El final del bandido de la luz roja

El final del bandido de la luz roja
Por Germán Tinti (especial para Crónicas al Voleo)

A las 16.30 del 1 de mayo de 1960 le llevaron a su celda su última cena: hamburguesa con papas fritas y chocolate caliente. Cómo último deseo pidió repetirla a medianoche. Se fue a dormir con el estómago lleno. Pocas horas después recorrería el tenebrosamente conocido como el «pasillo de la muerte».

Doce años antes, en 1948, una serie de robos y violaciones conmocionaron a la localidad de Pasadena, cercana a Los Ángeles. Por esa época Caryl Whittier Chessman había salido de prisión tras cumplir condena por robo. Primero fue una mercería, luego robaron una cupé Ford modelo 1946, en ambos casos fueron dos personas y utilizaron el mismo tipo de arma, una 45 semiautomática.

«Viejo Caryl Chessman / Respira otra vez»*

Después se registró una seguidilla de asaltos a parejas que detenían sus autos en la oscuridad para hacerse demostraciones de cariño.
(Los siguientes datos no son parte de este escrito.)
lemma weighted_resonance_sum_bounded:
  fixes k s p :: real
  assumes s: "0 \<le> s" "s \<le> 2 * k" "s - k < p" and p: "1/2 \<le> p" "p < 1"
  shows "\<exists>L. \<forall>N::int. jb (of_int N) powr (2 * s - 2 * k)
    * (\<Sum>a\<in>{-\<bar>N\<bar>..\<bar>N\<bar>}. jb (of_int a) powr (-2 * k) * jb ((of_int N)\<^sup>2 - (of_int a)\<^sup>2) powr (-p)) \<le> L"
proof (intro exI allI)
  define r where "r = max 0 (2 * s - 2 * k + 1 - 2 * p)"
  have r: "0 \<le> r" "r < 1" "r \<le> 2 * k" and rs: "2 * s - 2 * k + 1 - r - 2 * p \<le> 0"
    using s p by (auto simp: r_def)
  fix N :: int
  define M where "M = nat \<bar>N\<bar>"
  define \<psi> where "\<psi> a = jb (of_int a) powr (-2 * k) * jb ((real M)\<^sup>2 - (of_int a)\<^sup>2) powr (-p)" for a :: int
  have "(\<Sum>a\<in>{-\<bar>N\<bar>..\<bar>N\<bar>}. jb (of_int a) powr (-2 * k) * jb ((of_int N)\<^sup>2 - (of_int a)\<^sup>2) powr (-p))
      = (\<Sum>a\<in>{- int M..int M}. \<psi> a)"
    by (simp add: M_def \<psi>_def)
  also have "\<dots> \<le> 2 * (\<Sum>t\<le>M. jb (real t) powr (-2 * k) * jb ((real M)\<^sup>2 - (real t)\<^sup>2) powr (-p))"
    using sum_symmetric_int_le[of \<psi> M] by (simp add: \<psi>_def jb_minus[of "of_int _", simplified])
  finally have sum_le: "(\<Sum>a\<in>{-\<bar>N\<bar>..\<bar>N\<bar>}. jb (of_int a) powr (-2 * k) * jb ((of_int N)\<^sup>2 - (of_int a)\<^sup>2) powr (-p))
    \<le> 2 * (\<Sum>t\<le>M. jb (real t) powr (-2 * k) * jb ((real M)\<^sup>2 - (real t)\<^sup>2) powr (-p))" .
  have "jb (of_int N) = jb (real M)"
    by (simp add: M_def jb_def)
  then have "jb (of_int N) powr (2 * s - 2 * k)
      * (\<Sum>a\<in>{-\<bar>N\<bar>..\<bar>N\<bar>}. jb (of_int a) powr (-2 * k) * jb ((of_int N)\<^sup>2 - (of_int a)\<^sup>2) powr (-p))
    \<le> 2 * (jb (real M) powr (2 * s - 2 * k)
      * (\<Sum>t\<le>M. jb (real t) powr (-2 * k) * jb ((real M)\<^sup>2 - (real t)\<^sup>2) powr (-p)))"
    using mult_left_mono[OF sum_le, of "jb (real M) powr (2 * s - 2 * k)"] by (simp add: mult.left_commute)
  also have "\<dots> \<le> 2 * (2 powr (r + 3 * p - 1) / (1 - r) + 2 powr (2 * k) / (1 - p) + 1)"
    using weighted_resonance_sum_nat_le[OF r s(2) rs p, of M] by (intro mult_left_mono) simp_all
  finally show "jb (of_int N) powr (2 * s - 2 * k)
      * (\<Sum>a\<in>{-\<bar>N\<bar>..\<bar>N\<bar>}. jb (of_int a) powr (-2 * k) * jb ((of_int N)\<^sup>2 - (of_int a)\<^sup>2) powr (-p))
    \<le> 2 * (2 powr (r + 3 * p - 1) / (1 - r) + 2 powr (2 * k) / (1 - p) + 1)" .
qed

section \<open>The frequency space \<open>\<int> \<times> \<real>\<close>\<close>

definition freq_measure :: "(int \<times> real) measure" where
  "freq_measure = count_space UNIV \<Otimes>\<^sub>M lborel"

lemma sets_freq_measure[measurable_cong]:
  "sets freq_measure = sets (count_space UNIV \<Otimes>\<^sub>M lborel)"
  by (simp add: freq_measure_def)

lemma space_freq_measure[simp]: "space freq_measure = UNIV"
  by (simp add: freq_measure_def space_pair_measure)

lemma measurable_freq_add_pair:
  "(\<lambda>z. fst z + snd z) \<in> measurable (freq_measure \<Otimes>\<^sub>M freq_measure) freq_measure"
proof -
  have "(\<lambda>z::(int \<times> real) \<times> (int \<times> real). (fst (fst z), fst (snd z)))
      \<in> measurable (freq_measure \<Otimes>\<^sub>M freq_measure) (count_space UNIV \<Otimes>\<^sub>M count_space UNIV)"
    by measurable
  moreover have "(\<lambda>z::int \<times> int. fst z + snd z)
      \<in> measurable (count_space UNIV \<Otimes>\<^sub>M count_space UNIV) (count_space UNIV)"
    by (simp add: pair_measure_countable)
  ultimately have [measurable]: "(\<lambda>z::(int \<times> real) \<times> (int \<times> real). fst (fst z) + fst (snd z))
      \<in> measurable (freq_measure \<Otimes>\<^sub>M freq_measure) (count_space UNIV)"
    using measurable_compose by fastforce
  show ?thesis
    unfolding plus_prod_def by measurable
qed

lemma measurable_freq_add[measurable]:
  assumes "f \<in> measurable M freq_measure" "g \<in> measurable M freq_measure"
  shows "(\<lambda>x. f x + g x) \<in> measurable M freq_measure"
  using measurable_compose[OF measurable_Pair[OF assms] measurable_freq_add_pair] by simp

lemma measurable_freq_uminus[measurable]:
  assumes "f \<in> measurable M freq_measure"
  shows "(\<lambda>x. - f x) \<in> measurable M freq_measure"
proof -
  have "(uminus :: int \<times> real \<Rightarrow> _) \<in> measurable freq_measure freq_measure"
    unfolding uminus_prod_def by measurable
  from measurable_compose[OF assms this] show ?thesis by (simp add: o_def)
qed

lemma measurable_freq_diff[measurable]:
  assumes "f \<in> measurable M freq_measure" "g \<in> measurable M freq_measure"
  shows "(\<lambda>x. f x - g x) \<in> measurable M freq_measure"
  unfolding diff_conv_add_uminus by (intro measurable_freq_add measurable_freq_uminus assms)

lemma measurable_freq_fst[measurable]:
  "f \<in> measurable M freq_measure \<Longrightarrow> (\<lambda>x. fst (f x)) \<in> measurable M (count_space UNIV)"
  unfolding freq_measure_def by measurable

lemma measurable_freq_snd[measurable]:
  "f \<in> measurable M freq_measure \<Longrightarrow> (\<lambda>x. snd (f x)) \<in> borel_measurable M"
  using measurable_compose[of f M "count_space UNIV \<Otimes>\<^sub>M lborel" snd lborel]
  by (simp add: freq_measure_def o_def)

lemma measurable_freq_abs_fst_le[measurable]:
  assumes "f \<in> measurable M freq_measure" "g \<in> measurable M freq_measure"
  shows "(\<lambda>x. \<bar>fst (f x)\<bar> \<le> \<bar>fst (g x)\<bar>) \<in> measurable M (count_space UNIV)"
proof -
  have "(\<lambda>x. (fst (f x), fst (g x))) \<in> measurable M (count_space UNIV)"
    using measurable_Pair[OF measurable_freq_fst[OF assms(1)] measurable_freq_fst[OF assms(2)]]
    by (simp add: pair_measure_countable)
  from measurable_compose[OF this, of "\<lambda>(i, j). \<bar>i\<bar> \<le> \<bar>j\<bar>" "count_space UNIV"]
  show ?thesis by (simp add: case_prod_beta)
qed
En este caso se trataba de un delincuente solitario que se conducía en una cupé Ford de similares características a la robada en Pasadena, a la que le había agregado una luz roja similar a la que utilizan los policías de civil. Nacía la leyenda del «bandido de la luz roja».
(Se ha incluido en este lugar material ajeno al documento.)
lemma step_along_direction:
  assumes y: "weakly_optimal A B y" and z: "z \<in> carrier_vec n"
    and z_supp: "\<forall>j<n. j \<notin> supp y \<longrightarrow> z $ j = 0"
    and z_indep: "\<forall>c. z \<noteq> c \<cdot>\<^sub>v y"
    and z_tight: "\<forall>i\<in>active y. (M *\<^sub>v z) $ i = 0"
  shows "\<exists>s. weakly_optimal A B (y + s \<cdot>\<^sub>v z) \<and>
    (supp (y + s \<cdot>\<^sub>v z) \<subset> supp y \<or>
     supp (y + s \<cdot>\<^sub>v z) = supp y \<and> active y \<subset> active (y + s \<cdot>\<^sub>v z))"
proof (cases "\<exists>j<n. z $ j < 0")
  case True
  then show ?thesis using step_with_negative_entry[OF assms] by blast
next
  case False
  let ?z = "(- 1) \<cdot>\<^sub>v z"
  have z': "?z \<in> carrier_vec n" using z by simp
  have z'_supp: "\<forall>j<n. j \<notin> supp y \<longrightarrow> ?z $ j = 0" using z z_supp by simp
  have "\<exists>j<n. z $ j \<noteq> 0"
  proof (rule ccontr)
    assume "\<not> ?thesis"
    then have "z = 0 \<cdot>\<^sub>v y" using z weakly_optimal_carrier[OF y] by (intro eq_vecI) auto
    then show False using z_indep by blast
  qed
  then have z'_neg: "\<exists>j<n. ?z $ j < 0" using False z by force
  have z'_indep: "\<forall>c. ?z \<noteq> c \<cdot>\<^sub>v y"
  proof (intro allI notI)
    fix c assume "?z = c \<cdot>\<^sub>v y"
    then have "(- 1) \<cdot>\<^sub>v ?z = (- c) \<cdot>\<^sub>v y" by (simp add: smult_smult_assoc)
    then show False using z_indep by (simp add: smult_smult_assoc)
  qed
  have z'_tight: "\<forall>i\<in>active y. (M *\<^sub>v ?z) $ i = 0"
    using z_tight z M_carrier unfolding active_def by (simp add: mult_mat_vec)
  obtain s where s: "weakly_optimal A B (y + s \<cdot>\<^sub>v ?z) \<and>
      (supp (y + s \<cdot>\<^sub>v ?z) \<subset> supp y \<or>
       supp (y + s \<cdot>\<^sub>v ?z) = supp y \<and> active y \<subset> active (y + s \<cdot>\<^sub>v ?z))"
    using step_with_negative_entry[OF y z' z'_supp z'_indep z'_tight z'_neg] by blast
  have flip: "y + s \<cdot>\<^sub>v ?z = y + (- s) \<cdot>\<^sub>v z" by (simp add: smult_smult_assoc)
  show ?thesis using s unfolding flip by blast
qed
Pero este delincuente furtivo no se limitaba a robar. En pocos días interceptó a parejas y sometió a las muchachas a sus bajos instintos a punta de pistola. Hasta que la noche del 23 de febrero los tripulantes de un patrullero de North Hollywood persiguieron una cupé Ford que coincidía con la descripción que habían dado las víctimas de los asaltos sexuales y también los testigos de una tienda de ropa en Redondo Beach pocas horas antes. Así lograron detener a dos sujetos que identificaron como Caryl Chessman y David Knowles.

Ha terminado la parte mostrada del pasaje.